By Ryan Derousseau
September 26, 2012

FORTUNE — The bear: Donald Broughton, Avondale Partners

“UPS (UPS) is a great company, but I see some significant short-term headwinds. Europe is decelerating faster than Asia or America, and UPS has 14% of sales — to FedEx’s 7% — from Europe, the Middle East, and Africa. With the $6 billion purchase of European shipper TNT Express, UPS doubled down on the region. That may be the best strategic move long term, but not in the short term. UPS’s U.S. volumes were up 0.1% year over year from April to May. But that doesn’t make up for the 3.5% drop in transatlantic shipments. To say the struggling airfreight environment will magically go up is laughable. A potential Apple product launch in the fourth quarter is certainly positive for the freight market. But FedEx (FDX) moves the vast preponderance of Apple products, not UPS.”

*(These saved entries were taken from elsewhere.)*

text \<open>Nondegeneracy conditions (a), (b), (c) of Assumption CEV.
  (a): nu([y0,inf] x .) restricted to R^h is not concentrated on the points at infinity,
  i.e. gives positive mass to R^h. (b): it is not concentrated on an affine hyperplane
  of R^h. (c): nu(. x R^h) on (0,inf] is not concentrated at {inf}.\<close>
definition cev_nondeg :: "nat \<Rightarrow> (nat \<Rightarrow> ereal) measure \<Rightarrow> bool" where
  "cev_nondeg h \<nu> \<longleftrightarrow>
     (\<forall>y0>0. emeasure \<nu> {y \<in> space \<nu>. ereal y0 \<le> y 0 \<and> (\<forall>i\<in>{1..h}. \<bar>y i\<bar> \<noteq> \<infinity>)} \<noteq> 0) \<and>
     (\<forall>y0>0. \<forall>(a :: nat \<Rightarrow> real) (c :: real). (\<exists>i\<in>{1..h}. a i \<noteq> 0) \<longrightarrow>
        emeasure \<nu> {y \<in> space \<nu>. ereal y0 \<le> y 0 \<and> (\<forall>i\<in>{1..h}. \<bar>y i\<bar> \<noteq> \<infinity>) \<and>
            (\<Sum>i=1..h. a i * real_of_ereal (y i)) \<noteq> c} \<noteq> 0) \<and>
     emeasure \<nu> {y \<in> space \<nu>. 0 < y 0 \<and> y 0 < \<infinity> \<and> (\<forall>i\<in>{1..h}. \<bar>y i\<bar> \<noteq> \<infinity>)} \<noteq> 0"

definition CEV :: "'a measure \<Rightarrow> (int \<Rightarrow> 'a \<Rightarrow> real) \<Rightarrow> (nat \<Rightarrow> real \<Rightarrow> real)
    \<Rightarrow> (nat \<Rightarrow> (nat \<Rightarrow> ereal) measure) \<Rightarrow> bool" where
  "CEV M X b \<nu> \<longleftrightarrow>
     (\<forall>j\<ge>1. \<forall>x>0. b j x > 0) \<and>
     (\<forall>h\<ge>1. cev_radon h (\<nu> h) \<and> cev_vague M X b h (\<nu> h) \<and> cev_nondeg h (\<nu> h))"

definition prod_exceed_set :: "nat \<Rightarrow> (nat \<Rightarrow> ereal) measure \<Rightarrow> (nat \<Rightarrow> ereal) set" where
  "prod_exceed_set h \<nu> = {y \<in> space \<nu>. 0 < y 0 \<and> 0 \<le> y h \<and> 1 < y 0 * y h}"

end

theory Submission
  imports Defs
begin

text \<open>Approximate the indicator of \<open>{y\<^sub>0 y\<^sub>h > 1}\<close> from inside and from outside by continuous
  functions supported in \<open>{y\<^sub>0 \<ge> \<epsilon>}\<close>. Vague convergence controls the event
  \<open>X\<^sub>0 X\<^sub>h > x b\<^sub>h(x) v\<close> on \<open>\<epsilon>x \<le> X\<^sub>0 \<le> Kx\<close>, the tail of \<open>X\<^sub>0\<close> controls \<open>X\<^sub>0 > Kx\<close>, and Markov's
  inequality with the moment condition makes \<open>X\<^sub>0 \<le> \<epsilon>x\<close> negligible. Hence the normalised
  probability has liminf \<open>\<ge> \<nu>\<^sub>h{y\<^sub>0 y\<^sub>h > 1}\<close> for \<open>v < 1\<close> and limsup \<open>\<le>\<close> it for \<open>v > 1\<close>.
  Replacing \<open>x\<close> by \<open>t x\<close> multiplies the threshold by about \<open>t^(1+\<kappa>) u\<close> and the normalisation by
  \<open>t^(-\<alpha>)\<close>; letting \<open>t\<close> approach the root of \<open>t^(1+\<kappa>) u = 1\<close> from both sides gives the limit
  \<open>u^(-\<alpha>/(1+\<kappa>)) \<nu>\<^sub>h{y\<^sub>0 y\<^sub>h > 1}\<close>. If \<open>1 + \<kappa> \<le> 0\<close> the moment condition forces \<open>X\<^sub>0 X\<^sub>h = 0\<close>
  almost surely, and both sides vanish.\<close>

definition ereal_clamp :: "real \<Rightarrow> real \<Rightarrow> ereal \<Rightarrow> real" where
  "ereal_clamp a b z = real_of_ereal (max (ereal a) (min (ereal b) z))"

lemma continuous_map_ereal_clamp:
  assumes "a \<le> b"
  shows "continuous_map euclidean euclideanreal (ereal_clamp a b)"
proof -
  have "continuous_on UNIV (\<lambda>z::ereal. max (ereal a) (min (ereal b) z))"
    by (intro continuous_intros)
  moreover have "continuous_on (range (\<lambda>z::ereal. max (ereal a) (min (ereal b) z))) real_of_ereal"
  proof (rule continuous_at_imp_continuous_on, safe)
    fix z :: ereal
    have "\<bar>max (ereal a) (min (ereal b) z)\<bar> \<noteq> \<infinity>"
      using assms by (cases z) (auto simp: max_def min_def)
    then show "isCont real_of_ereal (max (ereal a) (min (ereal b) z))"
      by (rule continuous_at_of_ereal)
  qed
  ultimately show ?thesis
    unfolding ereal_clamp_def using continuous_on_compose by (fastforce simp: o_def)
qed
locale switched_retarded_system =
  fixes r :: real and f :: "'q \<Rightarrow> (real \<Rightarrow> real^'n) \<Rightarrow> real^'n" and L :: real
  assumes r_nonneg: "r \<ge> 0"
    and f_zero: "\<And>q. f q (\<lambda>_. 0) = 0"
    and sol_exists: "\<And>q \<phi>. \<phi> \<in> CC r \<Longrightarrow> \<exists>x. is_sol r f q \<phi> x"
    and sol_unique: "\<And>q \<phi> x y t. \<phi> \<in> CC r \<Longrightarrow> is_sol r f q \<phi> x \<Longrightarrow> is_sol r f q \<phi> y
                       \<Longrightarrow> t \<ge> -r \<Longrightarrow> x t = y t"
    and L_nonneg: "L \<ge> 0"
    and f_lipschitz: "\<And>q \<psi>1 \<psi>2. \<psi>1 \<in> CC r \<Longrightarrow> \<psi>2 \<in> CC r \<Longrightarrow>
                       norm (f q \<psi>1 - f q \<psi>2) \<le> L * cnorm r (\<psi>1 - \<psi>2)"
begin

abbreviation sol :: "'q \<Rightarrow> (real \<Rightarrow> real^'n) \<Rightarrow> real \<Rightarrow> real^'n" where
  "sol q \<phi> \<equiv> SOME x. is_sol r f q \<phi> x"

lemma is_sol_sol: "\<phi> \<in> CC r \<Longrightarrow> is_sol r f q \<phi> (sol q \<phi>)"
  using sol_exists by (rule someI_ex)

lemma Tsg_eq_seg:
  assumes "\<phi> \<in> CC r" "is_sol r f q \<phi> x" "t \<ge> 0"
  shows "Tsg r f q t \<phi> = seg r x t"
proof -
  have "sol q \<phi> (t + \<theta>) = x (t + \<theta>)" if "\<theta> \<in> {-r..0}" for \<theta>
    using sol_unique[OF assms(1) is_sol_sol[OF assms(1)] assms(2)] that assms(3) by simp
  then show ?thesis
    by (simp add: Tsg_def seg_def fun_eq_iff)
qed

lemma Tsg_CC: "\<phi> \<in> CC r \<Longrightarrow> t \<ge> 0 \<Longrightarrow> Tsg r f q t \<phi> \<in> CC r"
  using is_sol_sol[of \<phi> q] unfolding Tsg_def is_sol_def by (blast intro: seg_CC)

lemma Tsg_0 [simp]:
  assumes "\<phi> \<in> CC r"
  shows "Tsg r f q 0 \<phi> = \<phi>"
proof
  fix \<theta>
  show "Tsg r f q 0 \<phi> \<theta> = \<phi> \<theta>"
    using is_sol_sol[OF assms, of q] assms by (simp add: Tsg_def seg_def is_sol_def CC_def)
qed

lemma Tsg_apply: "\<theta> \<in> {-r..0} \<Longrightarrow> Tsg r f q t \<phi> \<theta> = sol q \<phi> (t + \<theta>)"
  by (simp add: Tsg_def seg_def)

lemma zero_is_sol: "is_sol r f q (\<lambda>_. 0) (\<lambda>_. 0)"
proof -
  have seg_zero: "seg r (\<lambda>_. 0) t = (\<lambda>_. 0)" for t
    by (simp add: seg_def fun_eq_iff)
  show ?thesis
    by (simp add: is_sol_def seg_zero f_zero)
qed

lemma Tsg_zero [simp]: "t \<ge> 0 \<Longrightarrow> Tsg r f q t (\<lambda>_. 0) = (\<lambda>_. 0)"
  using Tsg_eq_seg[OF CC_zero zero_is_sol] by (simp add: seg_def fun_eq_iff)

lemma Tsg_add:
  assumes \<phi>: "\<phi> \<in> CC r" and "s \<ge> 0" "t \<ge> 0"
  shows "Tsg r f q t (Tsg r f q s \<phi>) = Tsg r f q (s + t) \<phi>"
proof -
  define x where "x = sol q \<phi>"
  have x: "is_sol r f q \<phi> x"
    unfolding x_def by (rule is_sol_sol[OF \<phi>])
  define y where "y = (\<lambda>\<tau>. x (\<tau> + s))"
  have seg_y: "seg r y \<tau> = seg r x (\<tau> + s)" for \<tau>
    by (simp add: seg_def y_def fun_eq_iff algebra_simps)
  have "is_sol r f q (Tsg r f q s \<phi>) y"
    unfolding is_sol_def
  proof (intro conjI ballI allI impI)
    show "y \<theta> = Tsg r f q s \<phi> \<theta>" if "\<theta> \<in> {-r..0}" for \<theta>
      using that by (simp add: Tsg_def seg_def y_def x_def add.commute)
    have "continuous_on {-r..} x"
      using x by (simp add: is_sol_def)
    then show "continuous_on {-r..} y"
      unfolding y_def
      by (rule continuous_on_compose2)
        (use \<open>s \<ge> 0\<close> in \<open>auto intro: continuous_on_add continuous_on_id continuous_on_const\<close>)
  next
    fix \<tau> :: real assume "0 \<le> \<tau>"
    have "(x has_vector_derivative f q (seg r x (\<tau> + s))) (at (\<tau> + s) within {0..})"
      using x \<open>0 \<le> \<tau>\<close> \<open>s \<ge> 0\<close> by (simp add: is_sol_def)
    then have "(x has_vector_derivative f q (seg r x (\<tau> + s))) (at (\<tau> + s) within (\<lambda>\<tau>. \<tau> + s) ` {0..})"
      by (rule has_vector_derivative_within_subset) (use \<open>s \<ge> 0\<close> in auto)
    moreover have "((\<lambda>\<tau>. \<tau> + s) has_vector_derivative 1) (at \<tau> within {0..})"
      by (auto intro!: derivative_eq_intros)
    ultimately have "((x \<circ> (\<lambda>\<tau>. \<tau> + s)) has_vector_derivative f q (seg r x (\<tau> + s))) (at \<tau> within {0..})"
      using vector_diff_chain_within by fastforce
    then show "(y has_vector_derivative f q (seg r y \<tau>)) (at \<tau> within {0..})"
      unfolding seg_y by (simp add: y_def o_def)
  qed
  then have "Tsg r f q t (Tsg r f q s \<phi>) = seg r y t"
    using Tsg_eq_seg Tsg_CC \<phi> assms by blast
  then show ?thesis
    by (simp add: seg_y Tsg_def x_def add.commute)
qed

lemma norm_sol_diff_le:
  assumes \<phi>: "\<phi> \<in> CC r" and \<psi>: "\<psi> \<in> CC r" and x: "is_sol r f q \<phi> x" and y: "is_sol r f q \<psi> y"
    and "s \<ge> -r"
  shows "norm (x s - y s) \<le> cnorm r (\<phi> - \<psi>) * exp (L * max 0 s)"
proof -
  have init: "norm (x \<theta> - y \<theta>) \<le> cnorm r (\<phi> - \<psi>)" if "\<theta> \<in> {-r..0}" for \<theta>
    using norm_le_cnorm[OF CC_diff[OF \<phi> \<psi>] that] x y that by (simp add: is_sol_def)
  show ?thesis
  proof (cases "s \<le> 0")
    case True
    then show ?thesis
      using init \<open>s \<ge> -r\<close> by simp
  next
    case False
    then have "max 0 s = s"
      by simp
    show ?thesis
      unfolding \<open>max 0 s = s\<close>
    proof (rule retarded_gronwall[OF r_nonneg L_nonneg _ init])
      show "continuous_on {-r..} (\<lambda>s. x s - y s)"
        using x y by (auto simp: is_sol_def intro: continuous_on_diff)
    next
      fix u :: real assume "u \<ge> 0"
      then show "((\<lambda>s. x s - y s) has_vector_derivative f q (seg r x u) - f q (seg r y u))
          (at u within {u..})"
        using x y by (auto simp: is_sol_def intro!: has_vector_derivative_diff
            intro: has_vector_derivative_within_subset[of _ _ _ "{0..}"])
      have "cnorm r (seg r x u - seg r y u) = (SUP \<theta>\<in>{-r..0}. norm (x (u + \<theta>) - y (u + \<theta>)))"
        unfolding cnorm_def by (rule SUP_cong) (simp_all add: seg_def)
      moreover have "seg r x u \<in> CC r" "seg r y u \<in> CC r"
        using x y \<open>u \<ge> 0\<close> by (auto simp: is_sol_def intro: seg_CC)
      ultimately show "norm (f q (seg r x u) - f q (seg r y u))
          \<le> L * (SUP \<theta>\<in>{-r..0}. norm (x (u + \<theta>) - y (u + \<theta>)))"
        using f_lipschitz[of "seg r x u" "seg r y u" q] by simp
    qed (use False in auto)
  qed
qed

lemma cnorm_Tsg_diff_le:
  assumes \<phi>: "\<phi> \<in> CC r" and \<psi>: "\<psi> \<in> CC r" and "t \<ge> 0"
  shows "cnorm r (Tsg r f q t \<phi> - Tsg r f q t \<psi>) \<le> exp (L * t) * cnorm r (\<phi> - \<psi>)"
proof (rule cnorm_leI[OF r_nonneg])
  fix \<theta> assume \<theta>: "\<theta> \<in> {-r..0}"
  have "norm ((Tsg r f q t \<phi> - Tsg r f q t \<psi>) \<theta>) = norm (sol q \<phi> (t + \<theta>) - sol q \<psi> (t + \<theta>))"
    using \<theta> by (simp add: Tsg_apply)
  also have "\<dots> \<le> cnorm r (\<phi> - \<psi>) * exp (L * max 0 (t + \<theta>))"
    using \<theta> \<open>t \<ge> 0\<close> by (intro norm_sol_diff_le[OF \<phi> \<psi> is_sol_sol[OF \<phi>] is_sol_sol[OF \<psi>]]) auto
  also have "\<dots> \<le> cnorm r (\<phi> - \<psi>) * exp (L * t)"
    using \<theta> \<open>t \<ge> 0\<close> L_nonneg cnorm_nonneg[OF r_nonneg CC_diff[OF \<phi> \<psi>]]
    by (intro mult_left_mono) (simp_all add: mult_left_mono)
  finally show "norm ((Tsg r f q t \<phi> - Tsg r f q t \<psi>) \<theta>) \<le> exp (L * t) * cnorm r (\<phi> - \<psi>)"
    by (simp add: mult.commute)
qed

lemma Tsg_continuous:
  assumes \<phi>: "\<phi> \<in> CC r" and "t \<ge> 0" "\<epsilon> > 0"
  shows "\<exists>\<delta>>0. \<forall>s\<ge>0. \<bar>s - t\<bar> < \<delta> \<longrightarrow> cnorm r (Tsg r f q s \<phi> - Tsg r f q t \<phi>) < \<epsilon>"
proof -
  define x where "x = sol q \<phi>"
  have "continuous_on {-r..t + 1} x"
    using is_sol_sol[OF \<phi>, of q] by (auto simp: is_sol_def x_def elim: continuous_on_subset)
  then have "uniformly_continuous_on {-r..t + 1} x"
    by (rule compact_uniformly_continuous) simp
  then obtain d where "d > 0" and
    d: "\<And>a b. a \<in> {-r..t + 1} \<Longrightarrow> b \<in> {-r..t + 1} \<Longrightarrow> dist b a < d \<Longrightarrow> dist (x b) (x a) < \<epsilon> / 2"
    unfolding uniformly_continuous_on_def using \<open>\<epsilon> > 0\<close> by (metis half_gt_zero)
  have "cnorm r (Tsg r f q s \<phi> - Tsg r f q t \<phi>) \<le> \<epsilon> / 2" if "s \<ge> 0" "\<bar>s - t\<bar> < min d 1" for s
  proof (rule cnorm_leI[OF r_nonneg])
    fix \<theta> assume "\<theta> \<in> {-r..0}"
    moreover have "s < t + 1" "dist (s + \<theta>) (t + \<theta>) < d"
      using that by (auto simp: dist_real_def)
    ultimately show "norm ((Tsg r f q s \<phi> - Tsg r f q t \<phi>) \<theta>) \<le> \<epsilon> / 2"
      using d[of "t + \<theta>" "s + \<theta>"] that \<open>t \<ge> 0\<close> by (simp add: Tsg_apply x_def dist_norm)
  qed
  then show ?thesis
    using \<open>d > 0\<close> \<open>\<epsilon> > 0\<close> by (intro exI[of _ "min d 1"]) force
qed

section \<open>Switched trajectories as runs of words\<close>

fun run :: "('q \<times> real) list \<Rightarrow> (real \<Rightarrow> real^'n) \<Rightarrow> (real \<Rightarrow> real^'n)" where
  "run [] \<psi> = \<psi>"
| "run ((q, d) # w) \<psi> = run w (Tsg r f q d \<psi>)"

lemma run_append: "run (w1 @ w2) \<psi> = run w2 (run w1 \<psi>)"
  by (induction w1 arbitrary: \<psi>) auto

lemma run_CC: "admissible w \<Longrightarrow> \<psi> \<in> CC r \<Longrightarrow> run w \<psi> \<in> CC r"
  by (induction w arbitrary: \<psi>) (auto simp: Tsg_CC)

lemma run_zero [simp]: "admissible w \<Longrightarrow> run w (\<lambda>_. 0) = (\<lambda>_. 0)"
  by (induction w) auto

lemma cnorm_run_diff_le:
  "admissible w \<Longrightarrow> \<phi> \<in> CC r \<Longrightarrow> \<psi> \<in> CC r \<Longrightarrow>
     cnorm r (run w \<phi> - run w \<psi>) \<le> exp (L * dur w) * cnorm r (\<phi> - \<psi>)"
proof (induction w arbitrary: \<phi> \<psi>)
  case (Cons p w)
  obtain q d where p: "p = (q, d)" by (cases p)
  with Cons.prems have "d \<ge> 0" "admissible w" by auto
  then have "cnorm r (run (p # w) \<phi> - run (p # w) \<psi>)
      \<le> exp (L * dur w) * cnorm r (Tsg r f q d \<phi> - Tsg r f q d \<psi>)"
    unfolding p run.simps using Cons by (intro Cons.IH Tsg_CC) auto
  also have "\<dots> \<le> exp (L * dur w) * (exp (L * d) * cnorm r (\<phi> - \<psi>))"
    using Cons.prems \<open>d \<ge> 0\<close> by (intro mult_left_mono cnorm_Tsg_diff_le) auto
  also have "\<dots> = exp (L * dur (p # w)) * cnorm r (\<phi> - \<psi>)"
    by (simp add: p algebra_simps flip: exp_add)
  finally show ?case .
qed simp

lemma cnorm_run_le: "admissible w \<Longrightarrow> \<phi> \<in> CC r \<Longrightarrow> cnorm r (run w \<phi>) \<le> exp (L * dur w) * cnorm r \<phi>"
  using cnorm_run_diff_le[of w \<phi> "\<lambda>_. 0"] by simp

lemma run_take_drop_dur:
  "admissible w \<Longrightarrow> 0 \<le> t \<Longrightarrow> \<psi> \<in> CC r \<Longrightarrow> run w \<psi> = run (drop_dur t w) (run (take_dur t w) \<psi>)"
proof (induction t w arbitrary: \<psi> rule: take_dur.induct)
  case (2 t q d w)
  show ?case
  proof (cases "t \<le> d")
    case True
    then show ?thesis
      using Tsg_add[OF 2(4), of t "d - t" q] 2(3) by simp
  next
    case False
    then show ?thesis
      using 2 by (simp add: Tsg_CC)
  qed
qed simp

lemma run_take_dur_0 [simp]: "admissible w \<Longrightarrow> \<psi> \<in> CC r \<Longrightarrow> run (take_dur 0 w) \<psi> = \<psi>"
  by (cases w) auto

text \<open>\<open>flow\<close> uses a partition chosen by \<open>SOME\<close>; \<open>flow_part\<close> takes the partition as an
  argument, and \<open>flow_part_indep\<close> below shows that the choice does not matter.\<close>

definition flow_part :: "(real \<Rightarrow> 'q) \<Rightarrow> (nat \<Rightarrow> real) \<Rightarrow> (real \<Rightarrow> real^'n) \<Rightarrow> real \<Rightarrow> (real \<Rightarrow> real^'n)" where
  "flow_part \<sigma> ts \<psi> t = (let k = cell_index ts t in Tsg r f (\<sigma> (ts k)) (t - ts k) (flow_at r f \<sigma> ts k \<psi>))"

lemma flow_eq_flow_part: "flow r f t \<psi> \<sigma> = flow_part \<sigma> (SOME ts. PC_part \<sigma> ts) \<psi> t"
  by (simp add: flow_def flow_part_def cell_index_def Let_def)

lemma flow_part_cell:
  "strict_mono ts \<Longrightarrow> t \<in> {ts k..<ts (Suc k)} \<Longrightarrow>
     flow_part \<sigma> ts \<psi> t = Tsg r f (\<sigma> (ts k)) (t - ts k) (flow_at r f \<sigma> ts k \<psi>)"
  by (simp add: flow_part_def cell_index_eq)

lemma flow_at_CC: "PC_part \<sigma> ts \<Longrightarrow> \<psi> \<in> CC r \<Longrightarrow> flow_at r f \<sigma> ts k \<psi> \<in> CC r"
  by (induction k) (auto intro!: Tsg_CC simp: PC_part_le)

The bull: Kevin Sterling, BB&T Capital Markets

“Airfreight volume has slowed. But UPS has the unique advantage of owning its own planes, and recently garaged 10% of its fleet. UPS can then capture any surges in freight quickly by redeploying the planes. It might need to soon, if Apple buys up capacity to ship a new product. This could also increase prices for non-Apple shipments, since Apple (AAPL) commands such a large portion of the air. We also expect a record number of holiday shipments this year. Finally, TNT helps put UPS in a prime position to compete against DHL in the region. At $73, the stock is trading at about 14 times 2013 earnings. Historically, that’s an attractive entry point for UPS, and with a 3% dividend yield, we’re in with a target price of $90.”

This story is from the October 8, 2012 issue of Fortune.